# An Alfine 11 measurement plese



## bluechair84 (Sep 30, 2008)

Hi guys, I'm doing some thinking about building a shed frame based around an Alfine and I'd like to know the distance between the disc rotor and the drive sprocket. Would someone just put a tape measure to theirs and give me a rough idea?It'll help me work a few things out on the frame dimensions.
Thanks


----------



## synthesis (Feb 24, 2006)

I got 3.90" from the inside face of the rotor to the inside face of the sprocket.

The sprocket is dished so it can be installed to the inside or outside of the hub.

Also, I found this if it helps.

Shimano Alfine SG-S700 (11-spd) 135mm Rear hub dimensions | Freespoke | Freespoke

d


----------



## bluechair84 (Sep 30, 2008)

synthesis said:


> The sprocket is dished so it can be installed to the inside or outside of the hub.

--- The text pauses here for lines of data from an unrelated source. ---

(* Let $\mathbf{W}$ and $X_W$ be as in the context. Let $I_1,I_2,\mathcal I_1,\mathcal I_2\subset\mathbb{S}^1$ be pairwise disjoint open arcs, and let $D_i,\mathcal{D}_i\subset\mathbf{W}$ ($i=1,2$) be compact subsets with $D_i\subset[-2,2]\times I_i\times[1,3]$ and $\mathcal{D}_i\subset[-2,2]\times\mathcal{I}_i\times[1,3]$. Then there is a smooth family $X_W^t$, $t\in[0,2]$, of nowhere-vanishing vector fields on $\mathbf{W}$, each equal to $\partial_z$ near $\partial\mathbf{W}$, with $X_W^0=X_W$ and $X_W^2=\partial_z$, such that: $X_W^t=\partial_z$ on $D_1\cup D_2$ for all $t\in[1,2]$; $X_W^t=X_W$ on $\mathcal D_1\cup\mathcal D_2$ for all $t\in[0,1]$; and for every $t\in(0,2]$ the vector field $X_W^t$ has no closed orbits and no trapped orbits (every trajectory enters and exits $\mathbf{W}$).
   Context: $\mathbf{W}=[-2,2]\times\mathbb{S}^1\times[1,3]$ with coordinates $(z,\theta,r)$. $X_W=f(z,r)\partial_\theta+g(z,r)\partial_z$, where $f,g$ are smooth functions satisfying: $f$ is odd and $g$ is even in $z$; $f=0$ and $g=1$ near $\partial\mathbf{W}$; $g\ge0$ and $g=0$ exactly on $\{|z|=1,\ r=2\}$; $f\ge0$ for $z>0$ and $f=1$ on $\{1/4\le z\le7/4,\ 5/4\le r\le 11/4\}$. A trajectory meeting $\{z=-2\}$ enters, one meeting $\{z=2\}$ exits; a trapped orbit is one that stays in $\mathbf{W}$ for all positive (or all negative) time. *)

theory Defs
  imports "HOL-Analysis.Analysis"
begin

fun Ck_on :: "nat \<Rightarrow> 'a::euclidean_space set \<Rightarrow> ('a \<Rightarrow> 'b::real_normed_vector) \<Rightarrow> bool" where
  "Ck_on 0 U F = continuous_on U F"
| "Ck_on (Suc k) U F =
     (F differentiable_on U \<and> continuous_on U F \<and>
      (\<forall>b\<in>Basis. Ck_on k U (\<lambda>x. frechet_derivative F (at x) b)))"

definition smooth_open :: "'a::euclidean_space set \<Rightarrow> ('a \<Rightarrow> 'b::real_normed_vector) \<Rightarrow> bool" where
  "smooth_open U F \<longleftrightarrow> open U \<and> (\<forall>k. Ck_on k U F)"

definition smooth_on_set :: "'a::euclidean_space set \<Rightarrow> ('a \<Rightarrow> 'b::real_normed_vector) \<Rightarrow> bool" where
  "smooth_on_set S F \<longleftrightarrow> (\<exists>U G. S \<subseteq> U \<and> smooth_open U G \<and> (\<forall>x\<in>S. G x = F x))"

text \<open>The circle S^1 is the unit circle in the complex plane, with angle coordinate
  theta via cis theta. An open arc is the image of an open interval of angles of length at most 2 pi.\<close>
definition open_arc :: "complex set \<Rightarrow> bool" where
  "open_arc I \<longleftrightarrow> (\<exists>a b. a < b \<and> b \<le> a + 2 * pi \<and> I = cis ` {a<..<b})"

text \<open>Covering map from lifted coordinates (z, theta, r) to W.\<close>
definition Phi :: "real \<times> real \<times> real \<Rightarrow> real \<times> complex \<times> real" where
  "Phi p = (case p of (z, \<theta>, r) \<Rightarrow> (z, cis \<theta>, r))"

definition Wlift :: "(real \<times> real \<times> real) set" where
  "Wlift = {-2..2} \<times> UNIV \<times> {1..3}"

definition near_bdry :: "real \<Rightarrow> real \<times> real \<times> real \<Rightarrow> bool" where
  "near_bdry e p = (case p of (z, \<theta>, r) \<Rightarrow> \<bar>z\<bar> \<ge> 2 - e \<or> r \<le> 1 + e \<or> r \<ge> 3 - e)"

text \<open>A vector field on W given in lifted coordinates: X (z,theta,r) = (dz, dtheta, dr),
  2 pi-periodic in theta. A trajectory (integral curve) on a set of times T, staying in W.\<close>
definition is_traj :: "(real \<times> real \<times> real \<Rightarrow> real \<times> real \<times> real) \<Rightarrow> real set \<Rightarrow> (real \<Rightarrow> real \<times> real \<times> real) \<Rightarrow> bool" where
  "is_traj X T \<gamma> \<longleftrightarrow> (\<forall>s\<in>T. \<gamma> s \<in> Wlift \<and> (\<gamma> has_vector_derivative X (\<gamma> s)) (at s within T))"

definition has_closed_orbit :: "(real \<times> real \<times> real \<Rightarrow> real \<times> real \<times> real) \<Rightarrow> bool" where
  "has_closed_orbit X \<longleftrightarrow> (\<exists>\<gamma> T. is_traj X UNIV \<gamma> \<and> T > 0 \<and> (\<forall>s. Phi (\<gamma> (s + T)) = Phi (\<gamma> s)))"

definition has_trapped_orbit :: "(real \<times> real \<times> real \<Rightarrow> real \<times> real \<times> real) \<Rightarrow> bool" where
  "has_trapped_orbit X \<longleftrightarrow> (\<exists>\<gamma>. is_traj X {0..} \<gamma> \<or> is_traj X {..0} \<gamma>)"

end

theory Submission
  imports Defs
begin

text \<open>The deformation is \<open>X\<^sup>t = (1 - s\<^sub>t(\<theta>)) X\<^sub>W + s\<^sub>t(\<theta>) \<partial>\<^sub>z\<close> with
  \<open>s\<^sub>t(\<theta>) = \<alpha>(t) \<mu>(\<theta>) + \<beta>(t) (1 - \<mu>(\<theta>))\<close>, where \<open>\<mu>\<close> is a smooth angular bump equal to \<open>1\<close> over
  \<open>D\<^sub>1 \<union> D\<^sub>2\<close> and to \<open>0\<close> outside \<open>I\<^sub>1 \<union> I\<^sub>2\<close>, \<open>\<alpha>\<close> switches on during \<open>[0, 1]\<close> and \<open>\<beta>\<close> during \<open>[1, 2]\<close>.
  As \<open>0 \<le> s\<^sub>t \<le> 1\<close>, \<open>g \<ge> 0\<close> and \<open>f \<noteq> 0\<close> at the zeros of \<open>g\<close>, no field vanishes.
  For \<open>t > 0\<close> the weight is positive on an arc around some angle \<open>c\<close>, and the function
  \<open>z (1 + \<epsilon> \<psi>(\<theta>))\<close> with \<open>\<psi>(\<theta>) = - sin (\<theta> - c) / (1 - k cos (\<theta> - c))\<close> increases at a uniform
  rate along every trajectory: on the arc through the \<open>\<partial>\<^sub>z\<close>-component, elsewhere because \<open>\<psi>\<close>
  increases there and the rotation \<open>(1 - s\<^sub>t) f\<close> has the sign of \<open>z\<close>. Being bounded on \<open>W\<close>, it
  forbids orbits that stay in \<open>W\<close> for all positive or all negative time, closed orbits included.\<close>

section \<open>Smooth functions on open sets\<close>

lemma ck_on_imp_continuous_on: "Ck_on k U F \<Longrightarrow> continuous_on U F"
  by (cases k) (simp_all only: Ck_on.simps)

lemma ck_on_Suc_has_derivative:
  assumes "open U" "Ck_on (Suc k) U F" "x \<in> U"
  shows "(F has_derivative frechet_derivative F (at x)) (at x)"
proof -
  have "F differentiable_on U" using assms(2) by (simp only: Ck_on.simps)
  then have "F differentiable (at x within U)" using assms(3) by (simp only: differentiable_on_def)
  then have "F differentiable (at x)" using assms(1,3) by (metis at_within_open)
  then show ?thesis by (simp only: frechet_derivative_works)
qed

lemma ck_on_cong:
  assumes "Ck_on k U F" "open U" "\<And>x. x \<in> U \<Longrightarrow> F x = G x"
  shows "Ck_on k U G"
  using assms
proof (induction k arbitrary: F G)
  case 0
  have "continuous_on U F" using 0(1) by (simp only: Ck_on.simps)
  then have "continuous_on U G" using continuous_on_cong[of U U F G] 0(3) by blast
  then show ?case by (simp only: Ck_on.simps)
next
  case (Suc k)
  have G_deriv: "(G has_derivative frechet_derivative F (at x)) (at x)" if "x \<in> U" for x
    using has_derivative_transform_within_open[OF ck_on_Suc_has_derivative[OF Suc.prems(2,1) that] Suc.prems(2) that Suc.prems(3)] .
  have same_deriv: "frechet_derivative G (at x) = frechet_derivative F (at x)" if "x \<in> U" for x
    using G_deriv[OF that] frechet_derivative_at by metis
  have G_diff: "G differentiable_on U"
    using G_deriv Suc.prems(2) by (meson differentiable_at_imp_differentiable_on differentiable_def)
  have G_cont: "continuous_on U G" using G_diff differentiable_imp_continuous_on by blast
  have G_derivs: "\<forall>b\<in>Basis. Ck_on k U (\<lambda>x. frechet_derivative G (at x) b)"
  proof
    fix b :: 'a assume b: "b \<in> Basis"
    have "Ck_on k U (\<lambda>x. frechet_derivative F (at x) b)" using Suc.prems(1) b by (simp only: Ck_on.simps)
    then show "Ck_on k U (\<lambda>x. frechet_derivative G (at x) b)"
      using Suc.IH[of "\<lambda>x. frechet_derivative F (at x) b" "\<lambda>x. frechet_derivative G (at x) b"] Suc.prems(2) same_deriv by simp
  qed
  show ?case using G_diff G_cont G_derivs by (simp only: Ck_on.simps)
qed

Is this to help with chainline? Thanks for the measurement :thumbsup:


----------



## evrac (Sep 28, 2005)

Maybe these will help?


----------



## bluechair84 (Sep 30, 2008)

Amazing, yes they will


----------



## evrac (Sep 28, 2005)

No sweat. You realize that they were the first two results of a google image search for "Alfine dimensions". 

I'll send you my bill.


----------